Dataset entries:
----

(* Let $1\leq k\leq n$, let $\Lambda_1,\dots,\Lambda_d\subset\mathbb{P}^n$ be $(k-1)$-dimensional linear subspaces satisfying $\mathrm{SP}(n-k)$, and let $P\subset\mathbb{P}^n$ be a linear subspace of dimension $\alpha\geq 0$. Let $2\leq r\leq d-1$ be an integer such that $P\cap\Lambda_i=\emptyset$ for $i=1,\dots,r$ and $P\cap\Lambda_i\neq\emptyset$ for $i=r+1,\dots,d$. Let $\pi_P\colon\mathbb{P}^n\dashrightarrow\mathbb{P}^{n-\alpha-1}$ be the linear projection from $P$ and set $\Gamma_i:=\pi_P(\Lambda_i)$ for $i=1,\dots,r$ (these are $(k-1)$-planes). Then $\Gamma_1,\dots,\Gamma_r$ satisfy $\mathrm{SP}(n-\alpha-1-k)$ in $\mathbb{P}^{n-\alpha-1}$.
   Context: For $(k-1)$-dimensional linear subspaces $\Lambda_1,\dots,\Lambda_e\subset\mathbb{P}^N$ (not necessarily distinct), $\mathrm{SP}(N-k)$ means: for every $j\in\{1,\dots,e\}$ and every $(N-k)$-dimensional linear subspace $L\subset\mathbb{P}^N$ meeting each $\Lambda_i$ with $i\neq j$, $L$ also meets $\Lambda_j$. *)

theory Defs
  imports Complex_Main
begin

(* Vectors of C^m are modelled as functions nat => complex vanishing from index m on.
   P^N is the projectivisation of C^(N+1); a projective linear subspace is represented
   by its affine cone, a complex linear subspace of C^(N+1). *)

type_synonym cvec = "nat \<Rightarrow> complex"

definition Vec :: "nat \<Rightarrow> cvec set" where
  "Vec m = {v. \<forall>i\<ge>m. v i = 0}"

definition lincomb :: "cvec list \<Rightarrow> (nat \<Rightarrow> complex) \<Rightarrow> cvec" where
  "lincomb vs c = (\<lambda>i. \<Sum>j<length vs. c j * (vs ! j) i)"

definition cspan :: "cvec list \<Rightarrow> cvec set" where
  "cspan vs = {lincomb vs c | c. True}"

definition lin_indep :: "cvec list \<Rightarrow> bool" where
  "lin_indep vs \<longleftrightarrow> (\<forall>c. lincomb vs c = (\<lambda>_. 0) \<longrightarrow> (\<forall>j<length vs. c j = 0))"

(* S is (the cone over) an m-dimensional projective linear subspace of P^N, m \<ge> -1
   (m = -1 is the empty subspace) *)
definition proj_subspace :: "nat \<Rightarrow> int \<Rightarrow> cvec set \<Rightarrow> bool" where
  "proj_subspace N m S \<longleftrightarrow> m \<ge> -1 \<and>
     (\<exists>vs. length vs = nat (m + 1) \<and> set vs \<subseteq> Vec (N + 1) \<and> lin_indep vs \<and> S = cspan vs)"

(* two projective subspaces meet iff their cones share a nonzero vector *)
definition meets :: "cvec set \<Rightarrow> cvec set \<Rightarrow> bool" where
  "meets A B \<longleftrightarrow> (\<exists>v\<in>A \<inter> B. v \<noteq> (\<lambda>_. 0))"

definition SP :: "nat \<Rightarrow> int \<Rightarrow> (nat \<Rightarrow> cvec set) \<Rightarrow> nat \<Rightarrow> bool" where
  "SP N m Lam e \<longleftrightarrow>
     (\<forall>j\<in>{1..e}. \<forall>L. proj_subspace N m L \<longrightarrow>
        (\<forall>i\<in>{1..e} - {j}. meets L (Lam i)) \<longrightarrow> meets L (Lam j))"

definition clinear_on :: "nat \<Rightarrow> (cvec \<Rightarrow> cvec) \<Rightarrow> bool" where
  "clinear_on m f \<longleftrightarrow>
     (\<forall>x\<in>Vec m. \<forall>y\<in>Vec m. f (\<lambda>i. x i + y i) = (\<lambda>i. f x i + f y i)) \<and>
     (\<forall>c. \<forall>x\<in>Vec m. f (\<lambda>i. c * x i) = (\<lambda>i. c * f x i))"

(* f induces a linear projection P^n --> P^(n-alpha-1) from the subspace with cone W:
   a linear surjection C^(n+1) -> C^(n-alpha) with kernel exactly W *)
definition is_linear_projection :: "nat \<Rightarrow> nat \<Rightarrow> cvec set \<Rightarrow> (cvec \<Rightarrow> cvec) \<Rightarrow> bool" where
  "is_linear_projection n alpha W f \<longleftrightarrow>
     clinear_on (n + 1) f \<and> f ` Vec (n + 1) = Vec (n - alpha) \<and>
     {x \<in> Vec (n + 1). f x = (\<lambda>_. 0)} = W"

end

theory Submission
  imports Defs
begin

text \<open>Given an \<open>(n - \<alpha> - 1 - k)\<close>-plane \<open>L\<close> of the target meeting \<open>\<Gamma>\<^sub>i\<close> for all \<open>i \<noteq> j\<close>,
  its preimage under the projection from \<open>P\<close> is an \<open>(n - k)\<close>-plane containing \<open>P\<close>. It meets
  \<open>\<Lambda>\<^sub>i\<close> for \<open>i > r\<close> because \<open>P\<close> does, and for \<open>i \<le> r, i \<noteq> j\<close> because \<open>L\<close> meets \<open>\<Gamma>\<^sub>i\<close>.
  By \<open>SP(n - k)\<close> it meets \<open>\<Lambda>\<^sub>j\<close>, and since \<open>\<Lambda>\<^sub>j\<close> is disjoint from the centre \<open>P\<close>, the image
  of a common point is a point of \<open>L \<inter> \<Gamma>\<^sub>j\<close>.\<close>

lemma lincomb_Nil [simp]: "lincomb [] c = (\<lambda>_. 0)"
  by (simp add: lincomb_def)

lemma lincomb_Cons: "lincomb (v # vs) c = (\<lambda>i. c 0 * v i + lincomb vs (\<lambda>j. c (Suc j)) i)"
  unfolding lincomb_def by (simp only: length_Cons sum.lessThan_Suc_shift) simp

lemma lincomb_append:
  "lincomb (A @ B) c = (\<lambda>i. lincomb A c i + lincomb B (\<lambda>j. c (length A + j)) i)"
  by (induction A arbitrary: c) (simp_all add: lincomb_Cons algebra_simps)

lemma lincomb_cong: "(\<And>j. j < length vs \<Longrightarrow> c j = c' j) \<Longrightarrow> lincomb vs c = lincomb vs c'"
  by (simp add: lincomb_def)

lemma lincomb_zero_coeffs: "(\<And>j. j < length vs \<Longrightarrow> c j = 0) \<Longrightarrow> lincomb vs c = (\<lambda>_. 0)"
  by (simp add: lincomb_def)

lemma lincomb_zero_vectors: "(\<And>v. v \<in> set vs \<Longrightarrow> v = (\<lambda>_. 0)) \<Longrightarrow> lincomb vs c = (\<lambda>_. 0)"
  using nth_mem by (fastforce simp: lincomb_def intro!: sum.neutral)

lemma lincomb_in_Vec: "set vs \<subseteq> Vec m \<Longrightarrow> lincomb vs c \<in> Vec m"
  by (induction vs arbitrary: c) (auto simp: lincomb_Cons Vec_def)

lemma cspan_subset_Vec: "set vs \<subseteq> Vec m \<Longrightarrow> cspan vs \<subseteq> Vec m"
  using lincomb_in_Vec by (auto simp: cspan_def)

lemma zero_in_cspan: "(\<lambda>_. 0) \<in> cspan vs"
  unfolding cspan_def by (auto simp: lincomb_def intro: exI[of _ "\<lambda>_. 0"])

lemma cspan_append:
  "cspan (A @ B) = {(\<lambda>i. a i + b i) | a b. a \<in> cspan A \<and> b \<in> cspan B}"
proof (intro equalityI subsetI)
  fix x assume "x \<in> cspan (A @ B)"
  then show "x \<in> {(\<lambda>i. a i + b i) | a b. a \<in> cspan A \<and> b \<in> cspan B}"
    by (auto simp: cspan_def lincomb_append)
next
  fix x assume "x \<in> {(\<lambda>i. a i + b i) | a b. a \<in> cspan A \<and> b \<in> cspan B}"
  then obtain c e where x: "x = (\<lambda>i. lincomb A c i + lincomb B e i)"
    by (auto simp: cspan_def)
  define c' where "c' j = (if j < length A then c j else e (j - length A))" for j
  have "lincomb A c' = lincomb A c" by (rule lincomb_cong) (simp add: c'_def)
  moreover have "(\<lambda>j. c' (length A + j)) = e" by (simp add: c'_def)
  ultimately have "lincomb (A @ B) c' = x" by (simp add: lincomb_append x)
  then show "x \<in> cspan (A @ B)" by (auto simp: cspan_def)
qed

lemma set_subset_cspan: "set vs \<subseteq> cspan vs"
proof
  fix v assume "v \<in> set vs"
  then obtain j where "j < length vs" "vs ! j = v" by (auto simp: in_set_conv_nth)
  then have "lincomb vs (\<lambda>l. of_bool (l = j)) = v"
    by (simp add: lincomb_def of_bool_def if_distrib[of "\<lambda>a. a * _"] cong: if_cong)
  then show "v \<in> cspan vs" by (auto simp: cspan_def)
qed

lemma proj_subspace_subset_Vec: "proj_subspace N m S \<Longrightarrow> S \<subseteq> Vec (N + 1)"
  unfolding proj_subspace_def using cspan_subset_Vec by blast

lemma proj_subspace_zero: "proj_subspace N m S \<Longrightarrow> (\<lambda>_. 0) \<in> S"
  unfolding proj_subspace_def using zero_in_cspan by blast

lemma clinear_on_add:
  "clinear_on m f \<Longrightarrow> x \<in> Vec m \<Longrightarrow> y \<in> Vec m \<Longrightarrow> f (\<lambda>i. x i + y i) = (\<lambda>i. f x i + f y i)"
  by (simp add: clinear_on_def)

lemma clinear_on_scale:
  "clinear_on m f \<Longrightarrow> x \<in> Vec m \<Longrightarrow> f (\<lambda>i. c * x i) = (\<lambda>i. c * f x i)"
  by (simp add: clinear_on_def)

lemma clinear_on_zero: "clinear_on m f \<Longrightarrow> f (\<lambda>_. 0) = (\<lambda>_. 0)"
  using clinear_on_scale[of m f "\<lambda>_. 0" 0] by (simp add: Vec_def)

lemma clinear_on_diff:
  assumes f: "clinear_on m f" and x: "x \<in> Vec m" and y: "y \<in> Vec m"
  shows "f (\<lambda>i. x i - y i) = (\<lambda>i. f x i - f y i)"
proof -
  have "(\<lambda>i. - y i) \<in> Vec m" using y by (simp add: Vec_def)
  then have "f (\<lambda>i. x i + - y i) = (\<lambda>i. f x i + f (\<lambda>i. - y i) i)"
    using clinear_on_add[OF f x] by blast
  also have "f (\<lambda>i. - y i) = (\<lambda>i. - f y i)"
    using clinear_on_scale[OF f y, of "- 1"] by simp
  finally show ?thesis by simp
qed

lemma clinear_on_lincomb:
  assumes f: "clinear_on m f"
  shows "set vs \<subseteq> Vec m \<Longrightarrow> f (lincomb vs c) = lincomb (map f vs) c"
proof (induction vs arbitrary: c)
  case Nil
  then show ?case using clinear_on_zero[OF f] by simp
next
  case (Cons v vs)
  then have v: "v \<in> Vec m" and vs: "set vs \<subseteq> Vec m" by auto
  have "(\<lambda>i. c 0 * v i) \<in> Vec m" using v by (simp add: Vec_def)
  then have "f (lincomb (v # vs) c) =
      (\<lambda>i. f (\<lambda>i. c 0 * v i) i + f (lincomb vs (\<lambda>j. c (Suc j))) i)"
    unfolding lincomb_Cons using clinear_on_add[OF f _ lincomb_in_Vec[OF vs]] by simp
  then show ?case
    using clinear_on_scale[OF f v] Cons.IH[OF vs] by (simp add: lincomb_Cons)
qed

lemma lift_list_through_image:
  "set ws \<subseteq> f ` A \<Longrightarrow> \<exists>us. set us \<subseteq> A \<and> map f us = ws"
proof (induction ws)
  case (Cons w ws)
  then obtain u us where "u \<in> A" "f u = w" "set us \<subseteq> A" "map f us = ws" by auto
  then show ?case by (intro exI[of _ "u # us"]) simp
qed simp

----

## AIM OF THE TASK
Every line from the line containing "0) \<in> cspan" through the line containing "by (simp add: lincomb_def of_bool_def" in the records above must be retyped exactly. Leave out the rest.

## EXERCISE ANSWER
lemma zero_in_cspan: "(\<lambda>_. 0) \<in> cspan vs"
  unfolding cspan_def by (auto simp: lincomb_def intro: exI[of _ "\<lambda>_. 0"])

lemma cspan_append:
  "cspan (A @ B) = {(\<lambda>i. a i + b i) | a b. a \<in> cspan A \<and> b \<in> cspan B}"
proof (intro equalityI subsetI)
  fix x assume "x \<in> cspan (A @ B)"
  then show "x \<in> {(\<lambda>i. a i + b i) | a b. a \<in> cspan A \<and> b \<in> cspan B}"
    by (auto simp: cspan_def lincomb_append)
next
  fix x assume "x \<in> {(\<lambda>i. a i + b i) | a b. a \<in> cspan A \<and> b \<in> cspan B}"
  then obtain c e where x: "x = (\<lambda>i. lincomb A c i + lincomb B e i)"
    by (auto simp: cspan_def)
  define c' where "c' j = (if j < length A then c j else e (j - length A))" for j
  have "lincomb A c' = lincomb A c" by (rule lincomb_cong) (simp add: c'_def)
  moreover have "(\<lambda>j. c' (length A + j)) = e" by (simp add: c'_def)
  ultimately have "lincomb (A @ B) c' = x" by (simp add: lincomb_append x)
  then show "x \<in> cspan (A @ B)" by (auto simp: cspan_def)
qed

lemma set_subset_cspan: "set vs \<subseteq> cspan vs"
proof
  fix v assume "v \<in> set vs"
  then obtain j where "j < length vs" "vs ! j = v" by (auto simp: in_set_conv_nth)
  then have "lincomb vs (\<lambda>l. of_bool (l = j)) = v"
    by (simp add: lincomb_def of_bool_def if_distrib[of "\<lambda>a. a * _"] cong: if_cong)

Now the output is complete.